I have spent several months trying to find out the actual number of people who have this rare syndrome affecting my daughter, and the answer is that it is not known.
According to Orphanet, the European portal on rare diseases and orphan drugs, there are 114 cases described, although these data are from 2012. In GENIDA, an international participatory database that collects relevant medical information on genetic forms of ID/ADS*, are 189 registered cases of KS. In the KS family support groups on Facebook it is estimated that there are over 500 affected. However, all this data is far from estimates based on other rare genetic syndromes that are related to intellectual deficit. This estimation suggest that more than 1 million people may have KS (FIND).
So how many individuals are actually affected? What would it take to calculate this? In my opinion it is necessary, on the one hand, to optimize the accurate and rapid diagnosis to identify all those people with KS who have not yet been diagnosed. We assume that there are many undiagnosed cases (Kleefstra et.al, GeneReview 2020). In the child population, many families have to wait several years and go through many tests before obtaining an accurate diagnosis. In the adult population there are probably many affected people who have an incorrect or unresolved diagnosis. In the past, the cause of the condition was not found (it should not be forgotten that the gene that causes KS was discovered in 2006) and over time the situation might have been accepted and the search for the origin that causes it has not continued in some families.
But only the diagnosis of all those affected is not enough to know the number of cases with KS. In addition, agreement is needed between professionals and families on which register(s) to use to facilitate the centralisation of data. Therefore, as there is currently no agreed register, the actual number of diagnosed cases is not known either. The problem is that there is a wide range of registers available – regionals, nationals, Europeans and internationals – and these operate independently, i.e. there is no exchange of data between them (unless they have an agreement and there is patient consent). To decide on one or the other record(s), our criteria of choice was based on whether the data contributed to
- clarifying the global prevalence**,
- increasing knowledge about KS like the natural history, progression, genotype-phenotype correlation or effective treatments for comorbidities and
- developing a specific treatment (so far only symptomatic).

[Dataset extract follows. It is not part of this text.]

(* Let $\Lambda\in P^+$. Fix $p\in\mathbb{N}$, $\mathbf{b}=(b_1,\dots,b_p)\in\mathbb{N}^p$ with $\sum_ib_i=n$, and pairwise distinct $\nu^1,\dots,\nu^p\in I$; let $\widetilde\nu=(\nu^1,\dots,\nu^1,\dots,\nu^p,\dots,\nu^p)\in I^n$ ($b_i$ copies of $\nu^i$) and $\beta=\sum_ib_i\alpha_{\nu^i}$. Then for each $1\le i\le p$ there is an element $q_i\in\mathcal{P}_{\widetilde\nu_{\le c_{i-1}+1}}$ which is a polynomial in $\mathrm{x}_{c_{i-1}+1}$ of degree $N_i^\Lambda(\widetilde\nu)$ with invertible leading coefficient and other coefficients in $\mathcal{P}_{\widetilde\nu_{\le c_{i-1}}}$, such that $q_ie(\widetilde\nu)=0$ in $e(\widetilde\nu)R^\Lambda(\beta)e(\widetilde\nu)$.
   Context: Fix a field $\mathbf{k}$ of characteristic $\neq 2$. A Cartan superdatum consists of an index set $I$; a symmetrizable generalized Cartan matrix $A=(a_{ij})_{i,j\in I}$ ($a_{ii}=2$, $a_{ij}\le 0$ for $i\ne j$, $a_{ij}=0\iff a_{ji}=0$, positive integers $d_i$ with $d_ia_{ij}=d_ja_{ji}$); a free abelian group $P$; $\mathbb{Z}$-linearly independent $\alpha_i\in P$; $h_i\in\mathrm{Hom}_{\mathbb{Z}}(P,\mathbb{Z})$ with $\langle h_i,\alpha_j\rangle=a_{ij}$; and $I=I_{\mathrm{even}}\sqcup I_{\mathrm{odd}}$ with $a_{ij}\in2\mathbb{Z}$ whenever $i\in I_{\mathrm{odd}}$. A symmetric bilinear form $(\cdot|\cdot)$ on $P$ satisfies $(\alpha_i|\lambda)=d_i\langle h_i,\lambda\rangle$. Parity $\mathrm{p}(i)=1$ if $i\in I_{\mathrm{odd}}$, $0$ otherwise. $P^+=\{\Lambda:\langle h_i,\Lambda\rangle\ge0\ \forall i\}$; $I^\beta=\{\nu\in I^n:\sum_s\alpha_{\nu_s}=\beta\}$. For $\nu\in I^m$, $\mathcal{P}_\nu=\mathbf{k}\langle\mathrm{x}_1,\dots,\mathrm{x}_m\rangle/(\mathrm{x}_a\mathrm{x}_b-(-1)^{\mathrm{p}(\nu_a)\mathrm{p}(\nu_b)}\mathrm{x}_b\mathrm{x}_a)$; for $\nu\in I^n$ and $m\le n$, $\nu_{\le m}=(\nu_1,\dots,\nu_m)$ and $\mathcal{P}_{\nu_{\le m}}\subset\mathcal{P}_\nu$ naturally. Fix $Q_{ij}(\mathrm{x}_1,\mathrm{x}_2)=\sum_{r,s}t_{i,j;(r,s)}\mathrm{x}_1^r\mathrm{x}_2^s\in\mathcal{P}_{(i,j)}$ with: $t_{i,j;(r,s)}\ne0$ only if $-2(\alpha_i|\alpha_j)-r(\alpha_i|\alpha_i)-s(\alpha_j|\alpha_j)=0$; $t_{i,j;(r,s)}=t_{j,i;(s,r)}$; $t_{i,j;(-a_{ij},0)}\in\mathbf{k}^\times$; $t_{i,j;(r,s)}=0$ if $i=j$ or ($i\in I_{\mathrm{odd}}$ and $r$ odd). $R(\beta)$ is the $\mathbf{k}$-algebra with generators $e(\nu)$ ($\nu\in I^\beta$), $x_1,\dots,x_n$, $\tau_1,\dots,\tau_{n-1}$ and relations: $e(\mu)e(\nu)=\delta_{\mu\nu}e(\nu)$, $\sum_\nu e(\nu)=1$; $x_px_qe(\nu)=(-1)^{\mathrm{p}(\nu_p)\mathrm{p}(\nu_q)}x_qx_pe(\nu)$ ($p\ne q$); $x_pe(\nu)=e(\nu)x_p$; $\tau_ae(\nu)=e(s_a\nu)\tau_a$; $\tau_ax_pe(\nu)=(-1)^{\mathrm{p}(\nu_p)\mathrm{p}(\nu_a)\mathrm{p}(\nu_{a+1})}x_p\tau_ae(\nu)$ ($p\ne a,a+1$); $(\tau_ax_{a+1}-(-1)^{\mathrm{p}(\nu_a)\mathrm{p}(\nu_{a+1})}x_a\tau_a)e(\nu)=(x_{a+1}\tau_a-(-1)^{\mathrm{p}(\nu_a)\mathrm{p}(\nu_{a+1})}\tau_ax_a)e(\nu)=\delta_{\nu_a,\nu_{a+1}}e(\nu)$; $\tau_a^2e(\nu)=Q_{\nu_a,\nu_{a+1}}(x_a,x_{a+1})e(\nu)$; $\tau_a\tau_be(\nu)=(-1)^{\mathrm{p}(\nu_a)\mathrm{p}(\nu_{a+1})\mathrm{p}(\nu_b)\mathrm{p}(\nu_{b+1})}\tau_b\tau_ae(\nu)$ ($|a-b|>1$); $(\tau_{a+1}\tau_a\tau_{a+1}-\tau_a\tau_{a+1}\tau_a)e(\nu)$ equals $\frac{Q_{\nu_a,\nu_{a+1}}(x_{a+2},x_{a+1})-Q_{\nu_a,\nu_{a+1}}(x_a,x_{a+1})}{x_{a+2}-x_a}e(\nu)$ if $\nu_a=\nu_{a+2}\in I_{\mathrm{even}}$, $(-1)^{\mathrm{p}(\nu_{a+1})}(x_{a+2}-x_a)\frac{Q_{\nu_a,\nu_{a+1}}(x_{a+2},x_{a+1})-Q_{\nu_a,\nu_{a+1}}(x_a,x_{a+1})}{x_{a+2}^2-x_a^2}e(\nu)$ if $\nu_a=\nu_{a+2}\in I_{\mathrm{odd}}$, $0$ otherwise; $s_a=(a,a+1)$, and $\mathfrak{S}_n$ acts on $I^n$ by $(w\nu)_j=\nu_{w^{-1}(j)}$. For $\Lambda\in P^+$, $R^\Lambda(\beta)=R(\beta)/\langle\sum_{\nu}x_1^{\langle h_{\nu_1},\Lambda\rangle}e(\nu)\rangle$. Elements of $\mathcal{P}_\nu$ act on $R^\Lambda(\beta)e(\nu)$ from the left by substituting $x_j$ for $\mathrm{x}_j$. Notation: $c_0=0$, $c_t=b_1+\dots+b_t$; $N_i^\Lambda(\widetilde\nu)=\langle h_{\nu^i},\Lambda-\sum_{j=1}^{c_{i-1}}\alpha_{\widetilde\nu_j}\rangle$. *)

theory Defs
  imports Complex_Main "HOL-Library.Poly_Mapping"
begin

I encourage you to register at GENIDA or UNIQUE registers/databases. If you live in the US or Canada I would also recommend the recently launched Allstripes (in partnership with iDefine). All three contribute to the purposes mentioned above, so ideally you should register at least in these three (I don’t know if there are others, if there are any, I would be interested to know them). The more people who do research in KS the better. The faster we will move forward.
Why is it important to know the number of people affected?
My interest in knowing the number of actual KS cases goes beyond mere curiosity. Perhaps in other diseases not so much, but especially in rare diseases, numbers matter and a lot. Reporting the number of actual cases is one way of giving voice to those affected and their needs. It is a way to raise awareness and to put pressure on governments and international institutions to optimize and coordinate medical care and also to make it more attractive to the pharmaceutical industry to develop a specific treatment for KS.
For all these reasons, it is worth knowing how many we are.
*ID/ADS: Intellectual Deficit (ID)/Autism Spectrum Disorder (ASD)
** Prevalence quantifies the proportion of people in a population who have a disease at a given time.